Records from a data source:
===============
lemma cauchy_tr_divide_diff:
  assumes f: "bounded_borel_on f K" and y: "y \<notin> K" and z: "z \<notin> complex_of_real ` K"
    and zy: "z \<noteq> complex_of_real y"
  shows "cauchy_tr M e (\<lambda>x. f x / (z - complex_of_real x)) (complex_of_real y)
       = (cauchy_tr M e f (complex_of_real y) - cauchy_tr M e f z) / (z - complex_of_real y)"
proof -
  have y': "complex_of_real y \<notin> complex_of_real ` K" using y by auto
  define r where "r w x = 1 / (w - complex_of_real x)" for w x
  have r: "bounded_borel_on (r w) K" if "w \<notin> complex_of_real ` K" for w
    unfolding r_def by (rule bounded_borel_on_inverse_diff[OF compact that])
  have "cauchy_tr M e (\<lambda>x. f x / (z - complex_of_real x)) (complex_of_real y)
      = sigma_integral M e (\<lambda>x. 1 / (z - complex_of_real y) * (f x * r (complex_of_real y) x - f x * r z x))"
    unfolding cauchy_tr_eq_sigma_integral
  proof (rule sigma_integral_cong)
    show "(\<lambda>x. f x / (z - complex_of_real x) / (complex_of_real y - complex_of_real x)) \<in> borel_measurable borel"
      "(\<lambda>x. 1 / (z - complex_of_real y) * (f x * r (complex_of_real y) x - f x * r z x)) \<in> borel_measurable borel"
      using f by (auto simp: bounded_borel_on_def r_def)
    fix x assume "x \<in> K"
    then have "z - complex_of_real x \<noteq> 0" "complex_of_real y - complex_of_real x \<noteq> 0"
      using y z by auto
    then show "f x / (z - complex_of_real x) / (complex_of_real y - complex_of_real x)
        = 1 / (z - complex_of_real y) * (f x * r (complex_of_real y) x - f x * r z x)"
      using partial_fraction[of "z - complex_of_real x" "complex_of_real y - complex_of_real x" "f x"] zy
      unfolding r_def by simp
  qed
  also have "\<dots> = 1 / (z - complex_of_real y)
      * (sigma_integral M e (\<lambda>x. f x * r (complex_of_real y) x) - sigma_integral M e (\<lambda>x. f x * r z x))"
    by (simp only: sigma_integral_cmult
        sigma_integral_diff[OF bounded_borel_on_mult[OF f r[OF y']] bounded_borel_on_mult[OF f r[OF z]]])
  finally show ?thesis
    by (simp add: cauchy_tr_eq_sigma_integral r_def)
qed

lemma difference_quotient_integral_pCons:
  assumes g: "bounded_borel_on g K" and z: "z \<notin> complex_of_real ` K"
  shows "sigma_integral M e (\<lambda>x. (poly (pCons c R) z - poly (pCons c R) (complex_of_real x))
           / (z - complex_of_real x) * g x)
       = z * sigma_integral M e (\<lambda>x. (poly R z - poly R (complex_of_real x)) / (z - complex_of_real x) * g x)
         + sigma_integral M e (\<lambda>x. poly R (complex_of_real x) * g x)"
proof -
  note g_meas[measurable] = bounded_borel_on_measurable[OF g]
  define D where "D = (\<lambda>x. (poly R z - poly R (complex_of_real x)) / (z - complex_of_real x) * g x)"
  have "D = (\<lambda>x. (poly R z - poly R (complex_of_real x)) * (1 / (z - complex_of_real x)) * g x)"
    by (simp add: D_def fun_eq_iff)
  then have D: "bounded_borel_on D K"
    by (simp only:) (intro bounded_borel_on_mult bounded_borel_on_inverse_diff[OF compact z] g
        bounded_borel_on_continuous compact continuous_intros)
  have Rg: "bounded_borel_on (\<lambda>x. poly R (complex_of_real x) * g x) K"
    by (intro bounded_borel_on_mult bounded_borel_on_poly compact g)
  have "sigma_integral M e (\<lambda>x. (poly (pCons c R) z - poly (pCons c R) (complex_of_real x))
        / (z - complex_of_real x) * g x)
      = sigma_integral M e (\<lambda>x. z * D x + poly R (complex_of_real x) * g x)"
  proof (rule sigma_integral_cong)
    show "(\<lambda>x. (poly (pCons c R) z - poly (pCons c R) (complex_of_real x)) / (z - complex_of_real x) * g x)
        \<in> borel_measurable borel"
      by measurable
    show "(\<lambda>x. z * D x + poly R (complex_of_real x) * g x) \<in> borel_measurable borel"
      unfolding D_def by measurable
    fix x assume "x \<in> K"
    then have "z - complex_of_real x \<noteq> 0" using z by auto
    then show "(poly (pCons c R) z - poly (pCons c R) (complex_of_real x)) / (z - complex_of_real x) * g x
        = z * D x + poly R (complex_of_real x) * g x"
      unfolding D_def by (simp add: field_simps)
  qed
  also have "\<dots> = z * sigma_integral M e D + sigma_integral M e (\<lambda>x. poly R (complex_of_real x) * g x)"
    by (simp only: sigma_integral_add[OF bounded_borel_on_mult[OF bounded_borel_on_const D] Rg]
        sigma_integral_cmult)
  finally show ?thesis unfolding D_def .
qed

lemma difference_quotient_integral_is_poly:
  assumes g: "bounded_borel_on g K"
  shows "\<exists>p. \<forall>z. z \<notin> complex_of_real ` K \<longrightarrow>
     sigma_integral M e (\<lambda>x. (poly Q z - poly Q (complex_of_real x)) / (z - complex_of_real x) * g x) = poly p z"
proof (induction Q)
  case 0
  show ?case by (intro exI[of _ 0]) (simp add: sigma_integral_def)
next
  case (pCons c R)
  then obtain p where "\<And>z. z \<notin> complex_of_real ` K \<Longrightarrow>
     sigma_integral M e (\<lambda>x. (poly R z - poly R (complex_of_real x)) / (z - complex_of_real x) * g x) = poly p z"
    by blast
  then show ?case
    using difference_quotient_integral_pCons[OF g]
    by (intro exI[of _ "pCons (sigma_integral M e (\<lambda>x. poly R (complex_of_real x) * g x)) p"])
      (simp add: algebra_simps)
qed
(* For every $W\in\mathrm{Gr}^{ad}$ and every $\gamma=e^{p(z)}\in\Gamma$, one has $R_{\gamma W}=\gamma R_W\gamma^{-1}=\Phi_p(R_W)$. In particular, under the bijection $W\mapsto[R_W]$ from $\mathrm{Gr}^{ad}$ to $\mathcal R$, the action of the automorphism $\Phi_p$ on $\mathcal R$ corresponds to $W\mapsto e^{p(z)}W$.
   Context: $A_1=\mathbb C[z,\partial]$, $\partial=d/dz$; $\Phi_p(D)=e^{p(z)}De^{-p(z)}$. $\mathcal R$ = isomorphism classes of nonzero right ideals of $A_1$, with automorphisms acting by $\sigma\star[I]=[\sigma(I)]$. $\mathrm{Gr}^{ad}$: subspaces $W=m_V^{-1}V\subset\mathbb C(z)$ where $V\subset\mathbb C[z]$ is a finite intersection of subspaces $V_\lambda\supset(z-\lambda)^{r}\mathbb C[z]$ (distinct $\lambda$) and $m_V=\prod(z-\lambda)^{\dim\mathbb C[z]/V_\lambda}$. $\Gamma=\{e^{p(z)}\}$ acts by $\gamma W=m_V^{-1}((\gamma\overline V)\cap\mathbb C[z])$, $\overline V$ the closure of $V$ in the space of entire functions with compact-open topology. $R_W=\{D\in\mathbb C(z)[\partial]: D.\mathbb C[z]\subset W\}$, a fractional right ideal of $A_1$. *)

theory Defs
  imports "HOL-Analysis.Analysis" "HOL-Computational_Algebra.Computational_Algebra"
begin

type_synonym ratfun = "complex poly fract"

text \<open>Derivative of a rational function a/b: (a' b - a b') / b^2; this value does not
  depend on the chosen representative (a, b) with b nonzero.\<close>
definition rderiv :: "ratfun \<Rightarrow> ratfun" where
  "rderiv x = (SOME y. \<forall>a b. b \<noteq> 0 \<longrightarrow> x = Fract a b \<longrightarrow>
      y = Fract (pderiv a * b - a * pderiv b) (b * b))"

text \<open>An operator D = sum_i a_i d^i (coefficients written on the left) is encoded by
  the polynomial in d with coefficients a_i in C(z); only the coefficients are used,
  composition is defined separately below.\<close>
type_synonym dop = "ratfun poly"

definition dapply :: "dop \<Rightarrow> ratfun \<Rightarrow> ratfun" where
  "dapply D f = (\<Sum>i\<le>degree D. coeff D i * (rderiv ^^ i) f)"

text \<open>Left composition with d: d o (sum_j b_j d^j) = sum_j (b_j' d^j + b_j d^(j+1)).\<close>
definition dz_comp :: "dop \<Rightarrow> dop" where
  "dz_comp E = map_poly rderiv E + pCons 0 E"

text \<open>The operator (d - q)^i, computed by left multiplication.\<close>
primrec shift_pow :: "ratfun \<Rightarrow> nat \<Rightarrow> dop" where
  "shift_pow q 0 = 1"
| "shift_pow q (Suc i) = dz_comp (shift_pow q i) - smult q (shift_pow q i)"

text \<open>Phi_p(D) = e^p D e^(-p).  Since e^p d e^(-p) = d - p', one has
  Phi_p(sum_i a_i d^i) = sum_i a_i (d - p')^i.\<close>
definition Phi :: "complex poly \<Rightarrow> dop \<Rightarrow> dop" where
  "Phi p D = (\<Sum>i\<le>degree D. smult (coeff D i) (shift_pow (to_fract (pderiv p)) i))"
definition pd :: "'n::finite \<Rightarrow> (real^'n \<Rightarrow> real) \<Rightarrow> real^'n \<Rightarrow> real" where
  "pd i f x = frechet_derivative f (at x) (axis i 1)"

fun pds :: "('n::finite) list \<Rightarrow> (real^'n \<Rightarrow> real) \<Rightarrow> real^'n \<Rightarrow> real" where
  "pds [] f = f"
| "pds (i # is) f = pd i (pds is f)"

definition smooth_fun :: "(real^'n::finite \<Rightarrow> real) \<Rightarrow> bool" where
  "smooth_fun f \<longleftrightarrow> (\<forall>is. \<forall>x. pds is f differentiable (at x))"

definition test_fun :: "(real^'n::finite) set \<Rightarrow> (real^'n \<Rightarrow> real) \<Rightarrow> bool" where
  "test_fun D \<phi> \<longleftrightarrow> smooth_fun \<phi> \<and> compact (closure {x. \<phi> x \<noteq> 0})
      \<and> closure {x. \<phi> x \<noteq> 0} \<subseteq> D"

definition Lop :: "(real^'n::finite \<Rightarrow> real \<Rightarrow> 'n \<Rightarrow> 'n \<Rightarrow> real) \<Rightarrow> (real^'n \<Rightarrow> real \<Rightarrow> real^'n)
    \<Rightarrow> (real^'n \<Rightarrow> real \<Rightarrow> real) \<Rightarrow> (real^'n \<Rightarrow> real) \<Rightarrow> real^'n \<Rightarrow> real \<Rightarrow> real" where
  "Lop a b c \<phi> x t = (\<Sum>i\<in>UNIV. \<Sum>j\<in>UNIV. a x t i j * pd i (pd j \<phi>) x)
      + (\<Sum>i\<in>UNIV. b x t $ i * pd i \<phi> x) + c x t * \<phi> x"

text \<open>Local L^p integrability (w.r.t. Lebesgue measure on R^d x R) on a set U,
  for a nonnegative function f (typically a norm / absolute value).\<close>

definition Lp_loc :: "((real^'n::finite) \<times> real) set \<Rightarrow> ((real^'n) \<times> real \<Rightarrow> real) \<Rightarrow> real \<Rightarrow> bool" where
  "Lp_loc U f p \<longleftrightarrow> (\<forall>K. compact K \<and> K \<subseteq> U \<longrightarrow>
       (\<integral>\<^sup>+z. indicator K z * ennreal (f z powr p) \<partial>lborel) < \<infinity>)"

definition flow_int :: "real \<Rightarrow> (real \<Rightarrow> (real^'n::finite) measure) \<Rightarrow> (real^'n \<Rightarrow> real \<Rightarrow> real)
    \<Rightarrow> ((real^'n) \<times> real) set \<Rightarrow> ennreal" where
  "flow_int T \<mu> f S = (\<integral>\<^sup>+t. indicator {0<..<T} t *
       (\<integral>\<^sup>+x. indicator S (x, t) * ennreal (f x t) \<partial>\<mu> t) \<partial>lborel)"

definition standing_setting :: "real \<Rightarrow> (real^'n::finite) set \<Rightarrow> (nat \<Rightarrow> (real^'n) set)
    \<Rightarrow> (real^'n) measure \<Rightarrow> (real^'n \<Rightarrow> real \<Rightarrow> 'n \<Rightarrow> 'n \<Rightarrow> real) \<Rightarrow> (real^'n \<Rightarrow> real \<Rightarrow> real^'n)
    \<Rightarrow> (real^'n \<Rightarrow> real \<Rightarrow> real) \<Rightarrow> real \<Rightarrow> bool" where
  "standing_setting T D Dk \<nu> a b c p \<longleftrightarrow>
     T > 0 \<and> open D \<and> exhaustion D Dk
     \<and> sets \<nu> = sets borel \<and> emeasure \<nu> (space \<nu>) = 1 \<and> emeasure \<nu> (- D) = 0
     \<and> (\<forall>x\<in>D. \<forall>t\<in>{0..T}. c x t \<le> 0)
     \<and> (\<forall>i j. set_borel_measurable borel (D \<times> {0..T}) (\<lambda>(x, t). a x t i j))
     \<and> (\<forall>i. set_borel_measurable borel (D \<times> {0..T}) (\<lambda>(x, t). b x t $ i))
     \<and> set_borel_measurable borel (D \<times> {0..T}) (\<lambda>(x, t). c x t)
     \<and> (\<forall>x\<in>D. \<forall>t\<in>{0..T}. \<forall>i j. a x t i j = a x t j i)
     \<and> (\<forall>k. \<exists>m M. m > 0 \<and> M > 0 \<and> (\<forall>x\<in>Dk k. \<forall>t\<in>{0..T}. \<forall>y::real^'n.
           m * (norm y)\<^sup>2 \<le> (\<Sum>i\<in>UNIV. \<Sum>j\<in>UNIV. a x t i j * y $ i * y $ j)
           \<and> (\<Sum>i\<in>UNIV. \<Sum>j\<in>UNIV. a x t i j * y $ i * y $ j) \<le> M * (norm y)\<^sup>2))
     \<and> (\<forall>k. \<exists>\<Lambda>. \<forall>x\<in>Dk k. \<forall>y\<in>Dk k. \<forall>t\<in>{0..T}. \<forall>i j.
           \<bar>a x t i j - a y t i j\<bar> \<le> \<Lambda> * dist x y)
     \<and> p > real CARD('n) + 2
     \<and> Lp_loc (D \<times> {0<..<T}) (\<lambda>(x, t). norm (b x t)) p
     \<and> Lp_loc (D \<times> {0<..<T}) (\<lambda>(x, t). \<bar>c x t\<bar>) (p / 2)"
===============
§ **ASSIGNMENT**
What is the number of lines in these records that contain "ennreal"? Reply with the number only.

§ **ANSWER SECTION**
3